## [What the task requires]
All lines from the opening of the data to the line containing "(\<forall>a. 0 \<le>" must be returned unchanged, and only those lines.

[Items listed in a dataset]
◇ ◇ ◇ ◇ ◇

definition is_state :: "('a \<Rightarrow> 'a \<Rightarrow> 'a option) \<Rightarrow> 'a \<Rightarrow> ('a \<Rightarrow> real) \<Rightarrow> bool" where
  "is_state pe u s \<longleftrightarrow>
     (\<forall>a. 0 \<le> s a) \<and> (\<forall>a b x. pe a b = Some x \<longrightarrow> s x = s a + s b) \<and> s u = 1"

definition state_space :: "('a \<Rightarrow> 'a \<Rightarrow> 'a option) \<Rightarrow> 'a \<Rightarrow> ('a \<Rightarrow> real) set" where
  "state_space pe u = {s. is_state pe u s}"

definition cone_le :: "'w::real_vector set \<Rightarrow> 'w \<Rightarrow> 'w \<Rightarrow> bool" where
  "cone_le C x y \<longleftrightarrow> y - x \<in> C"

definition strict_cone :: "'w::real_vector set \<Rightarrow> bool" where
  "strict_cone C \<longleftrightarrow> C \<inter> uminus ` C = {0}"

definition lattice_cone :: "'w::real_vector set \<Rightarrow> bool" where
  "lattice_cone C \<longleftrightarrow> convex_cone C \<and> strict_cone C \<and>
     (\<forall>x\<in>C. \<forall>y\<in>C.
        (\<exists>s\<in>C. cone_le C x s \<and> cone_le C y s \<and>
               (\<forall>t\<in>C. cone_le C x t \<and> cone_le C y t \<longrightarrow> cone_le C s t)) \<and>
        (\<exists>i\<in>C. cone_le C i x \<and> cone_le C i y \<and>
               (\<forall>t\<in>C. cone_le C t x \<and> cone_le C t y \<longrightarrow> cone_le C t i)))"

definition cone_base :: "'w::real_vector set \<Rightarrow> 'w set \<Rightarrow> bool" where
  "cone_base C K \<longleftrightarrow> convex K \<and> K \<subseteq> C \<and>
     (\<forall>y\<in>C. y \<noteq> 0 \<longrightarrow> (\<exists>!p. 0 < fst p \<and> snd p \<in> K \<and> y = fst p *\<^sub>R snd p))"

definition affine_iso :: "'v::real_vector set \<Rightarrow> 'w::real_vector set \<Rightarrow> ('v \<Rightarrow> 'w) \<Rightarrow> bool" where
  "affine_iso K K' f \<longleftrightarrow> bij_betw f K K' \<and>
     (\<forall>x\<in>K. \<forall>y\<in>K. \<forall>t\<in>{0..1::real}.
        f (t *\<^sub>R x + (1 - t) *\<^sub>R y) = t *\<^sub>R f x + (1 - t) *\<^sub>R f y)"

definition simplex_in :: "'w::real_vector itself \<Rightarrow> 'v::real_vector set \<Rightarrow> bool" where
  "simplex_in (TYPE('w)) K \<longleftrightarrow> convex K \<and>
     (\<exists>(C::'w set) K' f. lattice_cone C \<and> cone_base C K' \<and> affine_iso K K' f)"

text \<open>Choquet simplex inside the locally convex Hausdorff space of all functions
  'a => real with the product topology (weak topology of pointwise convergence).\<close>
definition choquet_simplex :: "('a \<Rightarrow> real) set \<Rightarrow> bool" where
  "choquet_simplex K \<longleftrightarrow> compact K \<and> simplex_in TYPE(('a \<Rightarrow> real) \<times> real) K"

end

theory Submission
  imports Defs
begin

(* The positive additive functions form a strict convex cone in R^E, ordered
   pointwise, and the states form a base of it (normalise m by m(1)).  The heart of the
   proof is that this cone is a lattice: the meet of m1 and m2 is the Riesz meet
     (m1 /\ m2)(a) = inf { m1(b) + m2(c) | b + c = a },
   which is always subadditive and is superadditive exactly thanks to (RDP); the join is
   m1 + m2 - (m1 /\ m2).  Compactness holds because the state space is closed in the
   compact cube [0,1]^E. *)

lemma cone_le_linear_image_iff:
  assumes "linear f" "inj f"
  shows "cone_le (f ` C) (f x) (f y) \<longleftrightarrow> cone_le C x y"
  using assms by (simp add: cone_le_def linear_diff[symmetric] inj_image_mem_iff)

lemma strict_cone_linear_image:
  assumes f: "linear f" "inj f" and C: "strict_cone C"
  shows "strict_cone (f ` C)"
proof -
  have "f ` C \<inter> uminus ` f ` C = f ` (C \<inter> uminus ` C)"
    using f by (auto simp: linear_neg[symmetric] inj_image_mem_iff image_iff inj_eq)
  also have "\<dots> = {0}" using C f(1) by (simp add: strict_cone_def linear_0)
  finally show ?thesis unfolding strict_cone_def .
qed

lemma lattice_cone_linear_image:
  assumes f: "linear f" "inj f" and C: "lattice_cone C"
  shows "lattice_cone (f ` C)"
  using C convex_cone_linear_image[of C f] strict_cone_linear_image[OF f]
  unfolding lattice_cone_def
  by (auto simp: cone_le_linear_image_iff[OF f] f)

lemma cone_base_linear_image:
  assumes f: "linear f" "inj f" and K: "cone_base C K"
  shows "cone_base (f ` C) (f ` K)"
  unfolding cone_base_def
proof (intro conjI ballI impI)
  show "convex (f ` K)" using K f(1) by (simp add: cone_base_def convex_linear_image)
  show "f ` K \<subseteq> f ` C" using K by (auto simp: cone_base_def)
  fix y assume "y \<in> f ` C" "y \<noteq> 0"
  then obtain c where c: "c \<in> C" "c \<noteq> 0" and y: "y = f c"
    using f(1) linear_0 by blast
  obtain \<alpha> k where ak: "0 < \<alpha>" "k \<in> K" "c = \<alpha> *\<^sub>R k" and
    uniq: "\<And>\<beta> k'. 0 < \<beta> \<Longrightarrow> k' \<in> K \<Longrightarrow> c = \<beta> *\<^sub>R k' \<Longrightarrow> \<beta> = \<alpha> \<and> k' = k"
    using K c unfolding cone_base_def by (metis fst_conv snd_conv)
  have scale: "\<beta> *\<^sub>R f k' = f (\<beta> *\<^sub>R k')" for \<beta> k' using f(1) by (simp add: linear_scale)
  show "\<exists>!p. 0 < fst p \<and> snd p \<in> f ` K \<and> y = fst p *\<^sub>R snd p"
  proof (rule ex1I[of _ "(\<alpha>, f k)"])
    show "0 < fst (\<alpha>, f k) \<and> snd (\<alpha>, f k) \<in> f ` K \<and> y = fst (\<alpha>, f k) *\<^sub>R snd (\<alpha>, f k)"
      using ak y scale by simp
    fix p assume "0 < fst p \<and> snd p \<in> f ` K \<and> y = fst p *\<^sub>R snd p"
    then obtain k' where "0 < fst p" "k' \<in> K" "snd p = f k'" "c = fst p *\<^sub>R k'"
      using y scale f(2) by (metis image_iff injD)
    then show "p = (\<alpha>, f k)" using uniq by (metis prod.collapse)
  qed
qed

◇ ◇ ◇ ◇ ◇

## [Completed task]
definition is_state :: "('a \<Rightarrow> 'a \<Rightarrow> 'a option) \<Rightarrow> 'a \<Rightarrow> ('a \<Rightarrow> real) \<Rightarrow> bool" where
  "is_state pe u s \<longleftrightarrow>
     (\<forall>a. 0 \<le> s a) \<and> (\<forall>a b x. pe a b = Some x \<longrightarrow> s x = s a + s b) \<and> s u = 1"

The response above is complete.